Items listed in a dataset
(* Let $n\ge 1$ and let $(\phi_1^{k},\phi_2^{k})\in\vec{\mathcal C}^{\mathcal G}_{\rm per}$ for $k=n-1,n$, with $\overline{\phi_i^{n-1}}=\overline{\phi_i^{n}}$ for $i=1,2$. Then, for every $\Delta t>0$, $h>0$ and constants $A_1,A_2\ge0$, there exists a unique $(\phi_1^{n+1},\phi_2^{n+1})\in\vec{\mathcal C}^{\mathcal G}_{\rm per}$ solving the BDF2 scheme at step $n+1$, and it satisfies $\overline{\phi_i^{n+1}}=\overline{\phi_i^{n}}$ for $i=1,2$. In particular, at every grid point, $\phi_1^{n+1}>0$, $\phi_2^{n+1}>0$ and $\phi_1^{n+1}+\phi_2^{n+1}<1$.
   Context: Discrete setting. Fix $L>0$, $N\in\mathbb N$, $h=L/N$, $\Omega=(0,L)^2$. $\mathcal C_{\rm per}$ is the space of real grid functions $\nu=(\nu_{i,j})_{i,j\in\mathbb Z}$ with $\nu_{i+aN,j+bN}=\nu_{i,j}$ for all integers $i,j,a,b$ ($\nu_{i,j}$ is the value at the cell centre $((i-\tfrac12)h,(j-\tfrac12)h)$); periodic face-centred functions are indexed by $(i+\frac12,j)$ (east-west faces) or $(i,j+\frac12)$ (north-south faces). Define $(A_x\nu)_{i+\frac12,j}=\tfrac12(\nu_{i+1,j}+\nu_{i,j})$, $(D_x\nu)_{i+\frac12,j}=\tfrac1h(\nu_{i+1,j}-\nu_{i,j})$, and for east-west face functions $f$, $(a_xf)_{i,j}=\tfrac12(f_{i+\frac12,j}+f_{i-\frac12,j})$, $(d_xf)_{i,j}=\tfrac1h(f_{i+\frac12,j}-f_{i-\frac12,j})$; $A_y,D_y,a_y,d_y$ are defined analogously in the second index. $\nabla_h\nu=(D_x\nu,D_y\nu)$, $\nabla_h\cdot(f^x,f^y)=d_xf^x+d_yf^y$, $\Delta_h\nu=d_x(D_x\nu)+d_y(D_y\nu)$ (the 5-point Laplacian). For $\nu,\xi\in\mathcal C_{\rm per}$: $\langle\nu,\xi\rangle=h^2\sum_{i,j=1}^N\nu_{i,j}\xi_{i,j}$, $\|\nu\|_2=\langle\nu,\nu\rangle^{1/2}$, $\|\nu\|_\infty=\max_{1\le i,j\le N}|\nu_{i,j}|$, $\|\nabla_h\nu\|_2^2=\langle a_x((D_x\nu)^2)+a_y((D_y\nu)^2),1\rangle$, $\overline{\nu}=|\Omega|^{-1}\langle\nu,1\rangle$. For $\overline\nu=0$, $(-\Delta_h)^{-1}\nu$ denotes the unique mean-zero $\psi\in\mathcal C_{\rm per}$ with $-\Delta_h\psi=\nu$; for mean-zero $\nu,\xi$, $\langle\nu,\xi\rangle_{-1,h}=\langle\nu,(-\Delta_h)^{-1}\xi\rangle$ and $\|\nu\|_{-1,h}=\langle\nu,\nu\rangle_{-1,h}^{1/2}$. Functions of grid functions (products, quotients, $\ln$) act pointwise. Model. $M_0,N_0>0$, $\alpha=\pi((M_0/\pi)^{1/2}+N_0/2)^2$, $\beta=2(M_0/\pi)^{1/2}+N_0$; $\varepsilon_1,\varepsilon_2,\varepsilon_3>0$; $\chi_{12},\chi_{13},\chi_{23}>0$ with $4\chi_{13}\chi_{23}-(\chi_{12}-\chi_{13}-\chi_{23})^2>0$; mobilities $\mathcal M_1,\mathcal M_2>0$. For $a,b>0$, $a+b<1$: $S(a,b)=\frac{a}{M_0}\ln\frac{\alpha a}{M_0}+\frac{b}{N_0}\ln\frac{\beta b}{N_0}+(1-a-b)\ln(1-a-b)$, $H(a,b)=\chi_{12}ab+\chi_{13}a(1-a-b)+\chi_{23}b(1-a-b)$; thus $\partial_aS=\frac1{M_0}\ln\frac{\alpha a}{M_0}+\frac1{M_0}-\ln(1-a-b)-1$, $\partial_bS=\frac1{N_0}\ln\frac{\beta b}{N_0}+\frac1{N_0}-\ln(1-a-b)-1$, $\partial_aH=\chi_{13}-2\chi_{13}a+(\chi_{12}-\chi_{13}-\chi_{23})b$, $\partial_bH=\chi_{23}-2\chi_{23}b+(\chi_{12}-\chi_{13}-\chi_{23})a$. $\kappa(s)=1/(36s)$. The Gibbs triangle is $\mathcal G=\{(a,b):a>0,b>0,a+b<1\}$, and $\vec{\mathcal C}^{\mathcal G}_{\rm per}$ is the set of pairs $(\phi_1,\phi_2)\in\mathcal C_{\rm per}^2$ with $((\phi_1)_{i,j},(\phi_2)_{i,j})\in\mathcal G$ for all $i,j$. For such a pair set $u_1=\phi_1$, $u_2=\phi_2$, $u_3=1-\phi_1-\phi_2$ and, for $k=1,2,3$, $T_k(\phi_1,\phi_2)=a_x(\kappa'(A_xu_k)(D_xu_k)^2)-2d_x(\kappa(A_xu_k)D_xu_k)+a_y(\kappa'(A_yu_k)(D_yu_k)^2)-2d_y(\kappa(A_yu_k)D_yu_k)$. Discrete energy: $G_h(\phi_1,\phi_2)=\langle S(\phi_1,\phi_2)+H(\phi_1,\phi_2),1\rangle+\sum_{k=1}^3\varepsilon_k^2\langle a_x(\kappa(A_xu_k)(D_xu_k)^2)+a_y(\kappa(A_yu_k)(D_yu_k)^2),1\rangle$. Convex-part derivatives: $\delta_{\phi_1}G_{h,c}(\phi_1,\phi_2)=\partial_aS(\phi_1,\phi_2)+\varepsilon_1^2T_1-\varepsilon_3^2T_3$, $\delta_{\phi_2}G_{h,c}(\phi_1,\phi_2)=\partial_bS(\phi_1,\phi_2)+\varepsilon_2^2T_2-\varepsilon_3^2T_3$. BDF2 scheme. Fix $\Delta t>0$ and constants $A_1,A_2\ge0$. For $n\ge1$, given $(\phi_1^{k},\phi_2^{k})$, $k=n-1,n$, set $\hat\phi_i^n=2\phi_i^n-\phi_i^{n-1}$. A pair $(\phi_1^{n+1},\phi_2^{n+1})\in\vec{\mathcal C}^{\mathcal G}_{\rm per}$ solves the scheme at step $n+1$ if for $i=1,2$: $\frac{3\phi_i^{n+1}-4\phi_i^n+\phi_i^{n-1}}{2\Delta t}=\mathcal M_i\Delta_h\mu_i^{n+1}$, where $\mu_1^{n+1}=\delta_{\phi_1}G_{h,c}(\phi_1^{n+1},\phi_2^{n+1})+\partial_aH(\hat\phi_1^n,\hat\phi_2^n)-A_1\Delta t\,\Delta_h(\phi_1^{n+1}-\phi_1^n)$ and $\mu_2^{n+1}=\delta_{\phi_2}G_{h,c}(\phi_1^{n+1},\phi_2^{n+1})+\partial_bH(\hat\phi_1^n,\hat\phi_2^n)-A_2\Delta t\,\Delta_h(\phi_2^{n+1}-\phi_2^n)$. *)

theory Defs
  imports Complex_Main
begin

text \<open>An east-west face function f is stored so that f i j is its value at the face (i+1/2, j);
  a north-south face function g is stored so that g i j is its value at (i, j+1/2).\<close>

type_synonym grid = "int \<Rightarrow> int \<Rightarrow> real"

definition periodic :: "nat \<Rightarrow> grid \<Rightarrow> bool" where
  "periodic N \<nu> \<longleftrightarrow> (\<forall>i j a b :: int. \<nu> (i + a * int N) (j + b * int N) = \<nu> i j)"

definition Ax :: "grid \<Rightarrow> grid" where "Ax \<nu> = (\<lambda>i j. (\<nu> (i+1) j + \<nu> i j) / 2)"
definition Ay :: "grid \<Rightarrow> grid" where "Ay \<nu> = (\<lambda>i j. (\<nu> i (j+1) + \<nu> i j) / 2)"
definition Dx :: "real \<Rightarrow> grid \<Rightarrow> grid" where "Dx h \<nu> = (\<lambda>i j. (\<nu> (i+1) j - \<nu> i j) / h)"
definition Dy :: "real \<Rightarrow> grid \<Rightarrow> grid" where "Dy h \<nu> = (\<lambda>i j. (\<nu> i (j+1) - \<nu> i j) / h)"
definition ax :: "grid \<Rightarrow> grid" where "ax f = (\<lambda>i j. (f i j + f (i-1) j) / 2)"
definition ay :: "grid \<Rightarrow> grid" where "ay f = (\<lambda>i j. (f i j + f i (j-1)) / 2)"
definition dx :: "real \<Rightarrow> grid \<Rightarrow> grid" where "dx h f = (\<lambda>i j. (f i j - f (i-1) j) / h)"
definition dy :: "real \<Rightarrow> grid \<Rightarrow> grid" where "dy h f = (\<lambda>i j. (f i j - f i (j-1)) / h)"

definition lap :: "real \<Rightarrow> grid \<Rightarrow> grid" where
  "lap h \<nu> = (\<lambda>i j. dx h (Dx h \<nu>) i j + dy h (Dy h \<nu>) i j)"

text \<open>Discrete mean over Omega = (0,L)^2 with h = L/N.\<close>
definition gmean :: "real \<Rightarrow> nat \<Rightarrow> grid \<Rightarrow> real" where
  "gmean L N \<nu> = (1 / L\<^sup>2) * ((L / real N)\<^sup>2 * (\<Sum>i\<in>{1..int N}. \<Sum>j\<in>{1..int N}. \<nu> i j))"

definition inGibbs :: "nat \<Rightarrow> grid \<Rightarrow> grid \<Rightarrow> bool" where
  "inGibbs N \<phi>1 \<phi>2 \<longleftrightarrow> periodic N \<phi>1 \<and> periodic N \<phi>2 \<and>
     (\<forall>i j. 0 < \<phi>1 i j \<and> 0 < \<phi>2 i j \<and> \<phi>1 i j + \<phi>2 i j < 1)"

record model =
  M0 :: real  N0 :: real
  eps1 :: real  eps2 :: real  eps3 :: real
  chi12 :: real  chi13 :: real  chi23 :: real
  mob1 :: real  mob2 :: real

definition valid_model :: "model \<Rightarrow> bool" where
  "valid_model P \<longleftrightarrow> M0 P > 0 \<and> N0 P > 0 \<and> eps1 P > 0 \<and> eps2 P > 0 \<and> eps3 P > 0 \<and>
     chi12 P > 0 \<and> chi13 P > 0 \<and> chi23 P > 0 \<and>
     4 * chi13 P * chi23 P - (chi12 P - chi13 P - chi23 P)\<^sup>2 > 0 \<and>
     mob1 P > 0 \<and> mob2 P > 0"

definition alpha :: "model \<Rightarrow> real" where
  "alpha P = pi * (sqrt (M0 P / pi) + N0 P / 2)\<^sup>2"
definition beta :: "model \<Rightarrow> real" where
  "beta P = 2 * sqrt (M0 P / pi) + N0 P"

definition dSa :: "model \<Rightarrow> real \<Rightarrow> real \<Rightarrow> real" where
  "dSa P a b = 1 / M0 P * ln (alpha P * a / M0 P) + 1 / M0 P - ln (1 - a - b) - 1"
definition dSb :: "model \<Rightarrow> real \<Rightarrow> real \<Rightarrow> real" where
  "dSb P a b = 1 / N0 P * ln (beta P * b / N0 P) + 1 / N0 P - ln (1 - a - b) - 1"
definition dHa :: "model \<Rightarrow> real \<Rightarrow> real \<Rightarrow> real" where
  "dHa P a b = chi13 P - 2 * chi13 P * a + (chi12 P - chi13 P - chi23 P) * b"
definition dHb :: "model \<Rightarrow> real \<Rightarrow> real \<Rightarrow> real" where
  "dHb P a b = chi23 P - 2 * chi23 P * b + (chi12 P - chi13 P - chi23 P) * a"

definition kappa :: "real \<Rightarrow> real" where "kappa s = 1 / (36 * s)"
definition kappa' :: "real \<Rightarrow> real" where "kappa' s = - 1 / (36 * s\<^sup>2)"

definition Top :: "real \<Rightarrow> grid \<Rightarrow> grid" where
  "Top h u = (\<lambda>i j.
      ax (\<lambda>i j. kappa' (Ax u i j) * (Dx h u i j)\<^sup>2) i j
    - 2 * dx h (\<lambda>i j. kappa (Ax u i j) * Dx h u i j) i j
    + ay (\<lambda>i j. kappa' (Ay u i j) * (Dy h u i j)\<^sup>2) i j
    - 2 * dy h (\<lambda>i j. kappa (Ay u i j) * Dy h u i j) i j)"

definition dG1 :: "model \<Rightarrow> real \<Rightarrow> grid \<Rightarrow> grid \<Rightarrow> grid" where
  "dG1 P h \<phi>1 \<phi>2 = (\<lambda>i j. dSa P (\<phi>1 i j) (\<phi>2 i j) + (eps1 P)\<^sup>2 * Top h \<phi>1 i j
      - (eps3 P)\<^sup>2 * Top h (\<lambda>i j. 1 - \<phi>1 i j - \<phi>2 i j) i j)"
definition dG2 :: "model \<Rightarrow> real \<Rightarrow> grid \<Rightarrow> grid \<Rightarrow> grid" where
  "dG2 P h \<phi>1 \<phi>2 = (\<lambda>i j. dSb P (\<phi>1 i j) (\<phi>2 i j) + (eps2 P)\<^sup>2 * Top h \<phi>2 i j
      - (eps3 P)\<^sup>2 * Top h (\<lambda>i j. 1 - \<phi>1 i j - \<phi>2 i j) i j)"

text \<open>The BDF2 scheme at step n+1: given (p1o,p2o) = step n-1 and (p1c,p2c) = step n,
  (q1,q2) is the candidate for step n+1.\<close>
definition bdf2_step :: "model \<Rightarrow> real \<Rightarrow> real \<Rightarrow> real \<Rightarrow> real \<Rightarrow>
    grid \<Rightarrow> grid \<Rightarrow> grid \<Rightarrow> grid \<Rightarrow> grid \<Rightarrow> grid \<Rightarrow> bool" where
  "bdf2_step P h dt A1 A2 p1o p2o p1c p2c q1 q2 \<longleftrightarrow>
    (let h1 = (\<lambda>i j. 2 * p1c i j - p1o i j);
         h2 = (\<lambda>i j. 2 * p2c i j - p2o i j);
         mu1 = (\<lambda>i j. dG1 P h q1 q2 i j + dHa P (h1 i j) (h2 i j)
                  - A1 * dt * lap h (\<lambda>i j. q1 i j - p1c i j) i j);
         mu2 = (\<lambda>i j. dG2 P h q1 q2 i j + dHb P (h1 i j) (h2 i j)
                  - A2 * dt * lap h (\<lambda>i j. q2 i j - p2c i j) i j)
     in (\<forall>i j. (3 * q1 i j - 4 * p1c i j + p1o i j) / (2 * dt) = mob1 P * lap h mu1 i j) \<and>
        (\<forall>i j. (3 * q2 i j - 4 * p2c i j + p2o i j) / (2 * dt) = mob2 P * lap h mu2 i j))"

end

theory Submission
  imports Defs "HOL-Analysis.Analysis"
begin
---
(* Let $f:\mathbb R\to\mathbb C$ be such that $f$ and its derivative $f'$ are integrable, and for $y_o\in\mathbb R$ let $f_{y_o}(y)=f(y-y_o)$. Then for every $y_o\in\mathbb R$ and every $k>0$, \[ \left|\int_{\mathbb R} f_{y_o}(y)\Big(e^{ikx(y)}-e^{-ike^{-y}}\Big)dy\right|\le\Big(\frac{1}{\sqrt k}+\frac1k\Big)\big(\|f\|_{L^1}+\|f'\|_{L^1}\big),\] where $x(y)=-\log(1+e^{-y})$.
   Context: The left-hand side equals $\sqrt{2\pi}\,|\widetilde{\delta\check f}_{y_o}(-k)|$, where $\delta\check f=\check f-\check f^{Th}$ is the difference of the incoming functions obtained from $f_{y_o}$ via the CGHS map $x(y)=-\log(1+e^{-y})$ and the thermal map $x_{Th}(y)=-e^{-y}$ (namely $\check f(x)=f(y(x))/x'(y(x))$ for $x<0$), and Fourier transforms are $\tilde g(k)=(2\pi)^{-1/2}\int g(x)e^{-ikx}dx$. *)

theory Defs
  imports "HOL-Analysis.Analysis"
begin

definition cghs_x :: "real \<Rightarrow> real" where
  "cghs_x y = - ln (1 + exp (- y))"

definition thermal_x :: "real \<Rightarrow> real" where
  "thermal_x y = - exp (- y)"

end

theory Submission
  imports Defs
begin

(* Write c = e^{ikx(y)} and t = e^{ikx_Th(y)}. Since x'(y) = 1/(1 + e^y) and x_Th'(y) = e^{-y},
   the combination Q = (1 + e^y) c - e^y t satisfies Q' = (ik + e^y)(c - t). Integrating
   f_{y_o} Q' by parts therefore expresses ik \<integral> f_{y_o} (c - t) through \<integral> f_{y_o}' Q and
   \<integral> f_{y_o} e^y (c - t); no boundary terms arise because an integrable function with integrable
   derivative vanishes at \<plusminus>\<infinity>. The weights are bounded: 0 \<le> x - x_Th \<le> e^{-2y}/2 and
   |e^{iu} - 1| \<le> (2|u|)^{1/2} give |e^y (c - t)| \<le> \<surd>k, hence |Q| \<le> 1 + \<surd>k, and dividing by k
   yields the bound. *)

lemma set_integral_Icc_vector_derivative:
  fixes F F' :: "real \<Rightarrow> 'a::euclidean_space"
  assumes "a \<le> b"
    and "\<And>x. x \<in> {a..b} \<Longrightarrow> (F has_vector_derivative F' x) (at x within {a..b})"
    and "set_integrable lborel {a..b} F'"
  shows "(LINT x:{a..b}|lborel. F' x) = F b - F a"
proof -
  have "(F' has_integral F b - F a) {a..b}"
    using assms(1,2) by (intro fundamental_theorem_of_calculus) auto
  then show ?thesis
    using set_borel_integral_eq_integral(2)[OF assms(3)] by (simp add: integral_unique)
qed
---
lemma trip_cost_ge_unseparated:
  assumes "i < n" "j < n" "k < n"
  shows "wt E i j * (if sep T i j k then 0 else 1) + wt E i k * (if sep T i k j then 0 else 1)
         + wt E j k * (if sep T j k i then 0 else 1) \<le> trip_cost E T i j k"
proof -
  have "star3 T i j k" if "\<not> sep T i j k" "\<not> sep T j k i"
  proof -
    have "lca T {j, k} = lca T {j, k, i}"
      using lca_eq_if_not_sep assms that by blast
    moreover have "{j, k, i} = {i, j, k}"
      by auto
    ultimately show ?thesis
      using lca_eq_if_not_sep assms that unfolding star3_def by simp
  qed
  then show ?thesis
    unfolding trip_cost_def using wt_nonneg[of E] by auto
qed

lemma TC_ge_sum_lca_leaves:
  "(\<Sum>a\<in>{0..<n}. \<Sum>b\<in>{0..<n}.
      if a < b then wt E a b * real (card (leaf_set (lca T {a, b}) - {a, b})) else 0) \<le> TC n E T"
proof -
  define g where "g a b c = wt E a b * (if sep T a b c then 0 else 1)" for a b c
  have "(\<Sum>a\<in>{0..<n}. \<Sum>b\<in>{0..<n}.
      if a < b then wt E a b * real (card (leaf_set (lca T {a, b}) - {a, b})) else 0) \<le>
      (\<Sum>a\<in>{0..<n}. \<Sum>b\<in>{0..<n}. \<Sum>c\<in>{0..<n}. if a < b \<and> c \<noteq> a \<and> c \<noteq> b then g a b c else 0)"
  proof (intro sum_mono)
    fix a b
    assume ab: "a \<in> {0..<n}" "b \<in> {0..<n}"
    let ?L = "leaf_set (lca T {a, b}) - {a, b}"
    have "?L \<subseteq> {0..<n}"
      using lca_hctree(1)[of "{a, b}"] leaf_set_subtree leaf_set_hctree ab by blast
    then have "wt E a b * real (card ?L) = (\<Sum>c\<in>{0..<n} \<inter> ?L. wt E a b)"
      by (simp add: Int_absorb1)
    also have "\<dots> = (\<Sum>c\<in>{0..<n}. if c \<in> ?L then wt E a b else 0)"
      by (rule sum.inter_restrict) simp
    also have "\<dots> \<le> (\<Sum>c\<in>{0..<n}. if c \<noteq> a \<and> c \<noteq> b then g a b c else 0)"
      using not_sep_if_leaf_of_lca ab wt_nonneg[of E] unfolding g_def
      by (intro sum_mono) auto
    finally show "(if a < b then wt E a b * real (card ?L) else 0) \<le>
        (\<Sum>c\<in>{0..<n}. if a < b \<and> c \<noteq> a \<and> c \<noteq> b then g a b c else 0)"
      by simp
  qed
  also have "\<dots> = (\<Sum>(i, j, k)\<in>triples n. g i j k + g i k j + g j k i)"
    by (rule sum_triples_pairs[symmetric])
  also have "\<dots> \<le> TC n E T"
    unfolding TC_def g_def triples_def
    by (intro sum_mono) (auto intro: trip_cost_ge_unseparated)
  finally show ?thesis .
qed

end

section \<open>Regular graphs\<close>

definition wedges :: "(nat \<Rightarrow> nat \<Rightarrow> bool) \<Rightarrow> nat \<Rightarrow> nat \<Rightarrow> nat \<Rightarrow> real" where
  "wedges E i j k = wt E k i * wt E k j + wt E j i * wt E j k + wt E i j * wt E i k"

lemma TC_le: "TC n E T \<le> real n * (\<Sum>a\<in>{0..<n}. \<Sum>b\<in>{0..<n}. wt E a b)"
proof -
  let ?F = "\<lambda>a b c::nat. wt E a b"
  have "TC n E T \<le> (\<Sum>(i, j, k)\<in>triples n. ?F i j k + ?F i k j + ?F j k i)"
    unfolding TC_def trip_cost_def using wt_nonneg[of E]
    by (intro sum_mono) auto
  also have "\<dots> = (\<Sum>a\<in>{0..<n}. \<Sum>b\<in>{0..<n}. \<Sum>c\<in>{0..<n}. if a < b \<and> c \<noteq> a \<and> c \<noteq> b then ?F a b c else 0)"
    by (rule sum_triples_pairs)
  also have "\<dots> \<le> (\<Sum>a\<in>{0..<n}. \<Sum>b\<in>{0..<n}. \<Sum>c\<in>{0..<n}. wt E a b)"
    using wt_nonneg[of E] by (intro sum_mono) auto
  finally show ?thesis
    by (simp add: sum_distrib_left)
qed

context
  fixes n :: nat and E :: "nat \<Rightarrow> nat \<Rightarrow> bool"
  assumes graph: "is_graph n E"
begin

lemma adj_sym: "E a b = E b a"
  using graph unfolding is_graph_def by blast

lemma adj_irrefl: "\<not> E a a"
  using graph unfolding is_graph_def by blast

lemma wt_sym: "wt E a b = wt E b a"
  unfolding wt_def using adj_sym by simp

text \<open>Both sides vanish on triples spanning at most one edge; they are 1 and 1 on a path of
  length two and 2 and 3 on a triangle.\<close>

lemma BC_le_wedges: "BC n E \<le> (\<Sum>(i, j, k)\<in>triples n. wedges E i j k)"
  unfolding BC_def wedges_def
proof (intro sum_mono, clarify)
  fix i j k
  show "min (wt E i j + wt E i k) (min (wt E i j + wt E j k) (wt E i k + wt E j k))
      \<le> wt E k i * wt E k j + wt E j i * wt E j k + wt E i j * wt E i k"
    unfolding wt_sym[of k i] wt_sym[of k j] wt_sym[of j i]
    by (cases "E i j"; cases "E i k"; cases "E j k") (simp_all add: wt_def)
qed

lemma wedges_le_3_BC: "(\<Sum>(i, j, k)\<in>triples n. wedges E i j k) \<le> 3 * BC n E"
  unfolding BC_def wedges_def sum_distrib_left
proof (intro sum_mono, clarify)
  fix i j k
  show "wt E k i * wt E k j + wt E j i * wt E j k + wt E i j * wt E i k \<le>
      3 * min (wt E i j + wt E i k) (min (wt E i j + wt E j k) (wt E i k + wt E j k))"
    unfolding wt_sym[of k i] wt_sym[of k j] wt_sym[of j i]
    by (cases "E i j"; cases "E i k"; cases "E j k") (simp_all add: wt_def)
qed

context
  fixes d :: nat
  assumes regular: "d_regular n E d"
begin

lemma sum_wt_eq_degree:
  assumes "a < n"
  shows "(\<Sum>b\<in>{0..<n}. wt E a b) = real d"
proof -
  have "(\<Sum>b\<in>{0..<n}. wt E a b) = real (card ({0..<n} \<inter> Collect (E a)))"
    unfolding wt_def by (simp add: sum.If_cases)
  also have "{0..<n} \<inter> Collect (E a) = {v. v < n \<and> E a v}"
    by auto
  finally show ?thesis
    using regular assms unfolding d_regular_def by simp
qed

▶ **Work request**:
Check each line above for the word "forall" and copy every line that has it.

▶ **Result of the task**:
  "periodic N \<nu> \<longleftrightarrow> (\<forall>i j a b :: int. \<nu> (i + a * int N) (j + b * int N) = \<nu> i j)"
     (\<forall>i j. 0 < \<phi>1 i j \<and> 0 < \<phi>2 i j \<and> \<phi>1 i j + \<phi>2 i j < 1)"
     in (\<forall>i j. (3 * q1 i j - 4 * p1c i j + p1o i j) / (2 * dt) = mob1 P * lap h mu1 i j) \<and>
        (\<forall>i j. (3 * q2 i j - 4 * p2c i j + p2o i j) / (2 * dt) = mob2 P * lap h mu2 i j))"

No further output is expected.